*TASK STATEMENT*:
Take every line from the data that has the word "definition" in it.
--- DATA SHOWN Enclosed Below ---
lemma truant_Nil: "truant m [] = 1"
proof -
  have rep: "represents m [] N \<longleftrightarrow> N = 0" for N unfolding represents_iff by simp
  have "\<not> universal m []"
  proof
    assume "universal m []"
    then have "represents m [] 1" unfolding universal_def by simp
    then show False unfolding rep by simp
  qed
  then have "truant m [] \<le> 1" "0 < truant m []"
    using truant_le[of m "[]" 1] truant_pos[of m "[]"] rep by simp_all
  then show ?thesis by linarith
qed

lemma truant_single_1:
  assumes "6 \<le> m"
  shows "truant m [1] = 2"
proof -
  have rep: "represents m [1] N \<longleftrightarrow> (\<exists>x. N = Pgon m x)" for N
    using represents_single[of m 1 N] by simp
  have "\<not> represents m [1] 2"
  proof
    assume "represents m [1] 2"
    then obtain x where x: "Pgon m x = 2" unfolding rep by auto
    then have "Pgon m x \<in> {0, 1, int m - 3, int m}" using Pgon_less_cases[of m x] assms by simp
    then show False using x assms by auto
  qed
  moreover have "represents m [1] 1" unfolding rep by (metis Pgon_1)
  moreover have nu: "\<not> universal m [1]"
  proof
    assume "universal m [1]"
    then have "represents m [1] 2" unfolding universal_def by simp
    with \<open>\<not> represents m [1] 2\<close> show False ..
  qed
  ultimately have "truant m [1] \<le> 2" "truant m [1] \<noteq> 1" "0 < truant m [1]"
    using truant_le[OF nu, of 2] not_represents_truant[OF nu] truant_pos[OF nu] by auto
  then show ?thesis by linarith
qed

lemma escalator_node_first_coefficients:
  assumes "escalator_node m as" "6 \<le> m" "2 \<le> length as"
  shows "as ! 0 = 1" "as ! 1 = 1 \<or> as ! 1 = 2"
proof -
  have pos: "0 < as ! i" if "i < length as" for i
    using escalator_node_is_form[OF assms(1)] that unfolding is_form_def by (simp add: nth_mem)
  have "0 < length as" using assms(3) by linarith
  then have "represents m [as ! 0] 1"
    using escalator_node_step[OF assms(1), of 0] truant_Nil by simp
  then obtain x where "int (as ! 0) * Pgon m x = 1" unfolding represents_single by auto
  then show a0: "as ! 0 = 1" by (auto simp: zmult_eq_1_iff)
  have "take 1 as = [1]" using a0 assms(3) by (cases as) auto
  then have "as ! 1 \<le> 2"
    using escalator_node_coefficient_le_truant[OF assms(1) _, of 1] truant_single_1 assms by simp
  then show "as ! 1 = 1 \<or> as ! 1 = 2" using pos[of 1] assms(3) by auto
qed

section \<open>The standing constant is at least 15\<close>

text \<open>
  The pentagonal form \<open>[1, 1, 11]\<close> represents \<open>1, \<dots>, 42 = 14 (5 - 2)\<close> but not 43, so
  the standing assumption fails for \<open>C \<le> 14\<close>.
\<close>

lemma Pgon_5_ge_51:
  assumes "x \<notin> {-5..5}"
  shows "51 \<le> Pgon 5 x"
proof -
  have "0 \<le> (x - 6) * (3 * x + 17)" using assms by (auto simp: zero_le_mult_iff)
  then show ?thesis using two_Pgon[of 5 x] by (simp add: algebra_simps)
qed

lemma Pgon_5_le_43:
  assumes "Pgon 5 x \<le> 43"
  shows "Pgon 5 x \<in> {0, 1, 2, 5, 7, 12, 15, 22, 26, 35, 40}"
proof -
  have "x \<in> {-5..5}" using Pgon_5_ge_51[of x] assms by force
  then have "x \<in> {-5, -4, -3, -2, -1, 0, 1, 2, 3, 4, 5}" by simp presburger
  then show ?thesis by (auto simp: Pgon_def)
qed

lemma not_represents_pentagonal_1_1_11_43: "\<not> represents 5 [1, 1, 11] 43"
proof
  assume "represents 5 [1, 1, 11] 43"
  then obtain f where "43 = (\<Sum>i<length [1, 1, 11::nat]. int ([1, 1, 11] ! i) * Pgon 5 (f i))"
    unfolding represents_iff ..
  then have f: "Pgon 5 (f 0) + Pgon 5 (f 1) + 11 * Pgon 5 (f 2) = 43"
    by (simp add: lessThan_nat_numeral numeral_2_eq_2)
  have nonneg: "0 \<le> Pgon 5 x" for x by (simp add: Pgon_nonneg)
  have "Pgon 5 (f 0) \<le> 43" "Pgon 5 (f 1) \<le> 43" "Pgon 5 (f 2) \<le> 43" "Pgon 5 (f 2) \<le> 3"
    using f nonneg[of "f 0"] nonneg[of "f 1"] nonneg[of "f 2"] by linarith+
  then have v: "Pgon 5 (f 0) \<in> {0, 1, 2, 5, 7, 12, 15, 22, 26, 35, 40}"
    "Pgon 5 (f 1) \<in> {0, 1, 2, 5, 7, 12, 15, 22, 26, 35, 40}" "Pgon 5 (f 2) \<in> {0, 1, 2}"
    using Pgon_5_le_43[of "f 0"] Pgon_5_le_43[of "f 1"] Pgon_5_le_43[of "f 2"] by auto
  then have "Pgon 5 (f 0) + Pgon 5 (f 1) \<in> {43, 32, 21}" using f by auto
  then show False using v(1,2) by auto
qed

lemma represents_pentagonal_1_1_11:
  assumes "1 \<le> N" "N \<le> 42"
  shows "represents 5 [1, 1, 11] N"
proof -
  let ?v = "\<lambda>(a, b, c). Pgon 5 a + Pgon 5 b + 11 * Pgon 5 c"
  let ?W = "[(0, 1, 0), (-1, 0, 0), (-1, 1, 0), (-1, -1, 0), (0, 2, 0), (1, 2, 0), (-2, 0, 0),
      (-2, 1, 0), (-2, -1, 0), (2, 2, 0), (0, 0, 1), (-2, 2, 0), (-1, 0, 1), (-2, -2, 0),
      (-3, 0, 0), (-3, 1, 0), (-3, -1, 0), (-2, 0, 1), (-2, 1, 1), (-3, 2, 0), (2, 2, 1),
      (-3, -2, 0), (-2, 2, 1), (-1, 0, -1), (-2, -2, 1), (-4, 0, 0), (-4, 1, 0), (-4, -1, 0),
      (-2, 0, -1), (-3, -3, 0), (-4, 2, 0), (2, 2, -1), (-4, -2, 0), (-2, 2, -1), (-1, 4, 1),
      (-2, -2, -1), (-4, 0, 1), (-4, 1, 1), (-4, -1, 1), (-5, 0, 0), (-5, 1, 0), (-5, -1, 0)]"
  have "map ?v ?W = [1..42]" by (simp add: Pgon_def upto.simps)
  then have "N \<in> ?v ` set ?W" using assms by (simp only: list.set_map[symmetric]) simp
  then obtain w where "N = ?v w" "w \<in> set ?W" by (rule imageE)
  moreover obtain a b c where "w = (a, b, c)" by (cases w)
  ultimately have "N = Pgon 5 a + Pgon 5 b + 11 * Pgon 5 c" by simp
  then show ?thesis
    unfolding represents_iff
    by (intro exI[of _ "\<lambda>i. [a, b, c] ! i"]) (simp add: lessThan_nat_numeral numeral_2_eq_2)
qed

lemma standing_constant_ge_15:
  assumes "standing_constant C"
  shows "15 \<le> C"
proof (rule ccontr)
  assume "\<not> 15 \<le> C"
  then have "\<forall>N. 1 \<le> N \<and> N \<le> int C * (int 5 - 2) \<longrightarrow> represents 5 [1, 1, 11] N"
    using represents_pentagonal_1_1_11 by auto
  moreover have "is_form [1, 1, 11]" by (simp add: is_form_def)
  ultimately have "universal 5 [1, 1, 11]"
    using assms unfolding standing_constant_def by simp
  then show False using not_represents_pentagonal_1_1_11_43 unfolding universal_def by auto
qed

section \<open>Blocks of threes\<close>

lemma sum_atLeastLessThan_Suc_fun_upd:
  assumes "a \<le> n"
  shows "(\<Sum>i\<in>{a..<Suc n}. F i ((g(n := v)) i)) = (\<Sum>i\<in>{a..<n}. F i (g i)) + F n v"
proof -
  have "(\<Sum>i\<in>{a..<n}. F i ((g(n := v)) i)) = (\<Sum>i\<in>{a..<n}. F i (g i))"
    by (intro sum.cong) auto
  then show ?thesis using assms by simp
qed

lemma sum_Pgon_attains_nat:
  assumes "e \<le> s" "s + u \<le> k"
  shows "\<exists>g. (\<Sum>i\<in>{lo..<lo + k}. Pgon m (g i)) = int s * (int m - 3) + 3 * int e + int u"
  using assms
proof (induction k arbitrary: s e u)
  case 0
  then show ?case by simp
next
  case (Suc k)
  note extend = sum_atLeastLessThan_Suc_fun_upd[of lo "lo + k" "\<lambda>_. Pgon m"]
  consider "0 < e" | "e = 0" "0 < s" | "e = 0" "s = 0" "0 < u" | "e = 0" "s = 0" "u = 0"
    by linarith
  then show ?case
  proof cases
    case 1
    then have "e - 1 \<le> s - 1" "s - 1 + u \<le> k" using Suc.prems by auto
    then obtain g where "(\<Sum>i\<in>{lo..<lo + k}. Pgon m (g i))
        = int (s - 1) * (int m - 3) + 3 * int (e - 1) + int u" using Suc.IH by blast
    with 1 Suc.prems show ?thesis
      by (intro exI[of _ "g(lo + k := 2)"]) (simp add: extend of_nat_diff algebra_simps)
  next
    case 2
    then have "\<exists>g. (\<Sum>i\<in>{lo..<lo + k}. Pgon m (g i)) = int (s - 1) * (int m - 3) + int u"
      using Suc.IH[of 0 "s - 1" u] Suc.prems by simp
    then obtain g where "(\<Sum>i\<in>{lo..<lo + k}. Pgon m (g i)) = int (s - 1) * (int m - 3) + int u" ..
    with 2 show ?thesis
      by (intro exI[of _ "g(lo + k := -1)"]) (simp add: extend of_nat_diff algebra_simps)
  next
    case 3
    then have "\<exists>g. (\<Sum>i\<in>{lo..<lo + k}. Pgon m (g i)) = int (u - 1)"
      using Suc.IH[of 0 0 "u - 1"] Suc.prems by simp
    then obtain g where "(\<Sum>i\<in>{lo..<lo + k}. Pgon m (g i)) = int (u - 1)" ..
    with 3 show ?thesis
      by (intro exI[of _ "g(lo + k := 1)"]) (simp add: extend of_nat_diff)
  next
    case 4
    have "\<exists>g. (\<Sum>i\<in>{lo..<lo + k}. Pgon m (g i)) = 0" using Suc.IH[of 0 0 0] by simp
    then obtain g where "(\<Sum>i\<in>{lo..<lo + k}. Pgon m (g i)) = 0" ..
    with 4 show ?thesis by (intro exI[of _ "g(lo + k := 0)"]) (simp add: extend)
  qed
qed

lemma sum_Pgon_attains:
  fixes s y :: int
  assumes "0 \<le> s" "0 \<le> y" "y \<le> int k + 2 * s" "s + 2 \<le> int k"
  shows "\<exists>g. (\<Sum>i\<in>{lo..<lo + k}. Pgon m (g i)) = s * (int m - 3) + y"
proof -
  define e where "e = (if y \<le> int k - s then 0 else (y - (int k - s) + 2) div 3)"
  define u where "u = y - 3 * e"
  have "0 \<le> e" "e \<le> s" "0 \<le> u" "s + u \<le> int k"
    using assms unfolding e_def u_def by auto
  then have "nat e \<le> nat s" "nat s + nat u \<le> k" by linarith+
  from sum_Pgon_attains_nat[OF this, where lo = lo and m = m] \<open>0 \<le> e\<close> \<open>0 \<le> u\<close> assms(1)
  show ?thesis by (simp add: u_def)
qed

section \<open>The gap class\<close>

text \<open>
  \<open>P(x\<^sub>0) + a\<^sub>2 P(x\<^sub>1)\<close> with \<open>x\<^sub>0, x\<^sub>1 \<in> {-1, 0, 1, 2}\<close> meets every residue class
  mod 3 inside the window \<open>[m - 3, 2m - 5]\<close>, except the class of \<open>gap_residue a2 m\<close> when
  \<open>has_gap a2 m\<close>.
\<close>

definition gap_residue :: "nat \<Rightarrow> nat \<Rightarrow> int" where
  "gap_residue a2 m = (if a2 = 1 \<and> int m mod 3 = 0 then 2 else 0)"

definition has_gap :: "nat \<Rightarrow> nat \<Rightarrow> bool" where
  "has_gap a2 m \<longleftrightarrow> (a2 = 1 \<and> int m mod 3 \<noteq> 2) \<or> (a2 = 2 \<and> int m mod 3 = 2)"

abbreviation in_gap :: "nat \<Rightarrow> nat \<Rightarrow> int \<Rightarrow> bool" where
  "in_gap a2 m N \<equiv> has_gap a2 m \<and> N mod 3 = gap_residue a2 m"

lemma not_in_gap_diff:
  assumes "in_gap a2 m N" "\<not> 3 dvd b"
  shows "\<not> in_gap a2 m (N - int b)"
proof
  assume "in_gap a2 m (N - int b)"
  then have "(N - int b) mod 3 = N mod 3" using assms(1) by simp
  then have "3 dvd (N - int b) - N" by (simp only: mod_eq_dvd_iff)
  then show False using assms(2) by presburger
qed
--- End of Enclosed DATA SHOWN ---
*RESPONSE TO THIS EXERCISE*:
definition gap_residue :: "nat \<Rightarrow> nat \<Rightarrow> int" where
definition has_gap :: "nat \<Rightarrow> nat \<Rightarrow> bool" where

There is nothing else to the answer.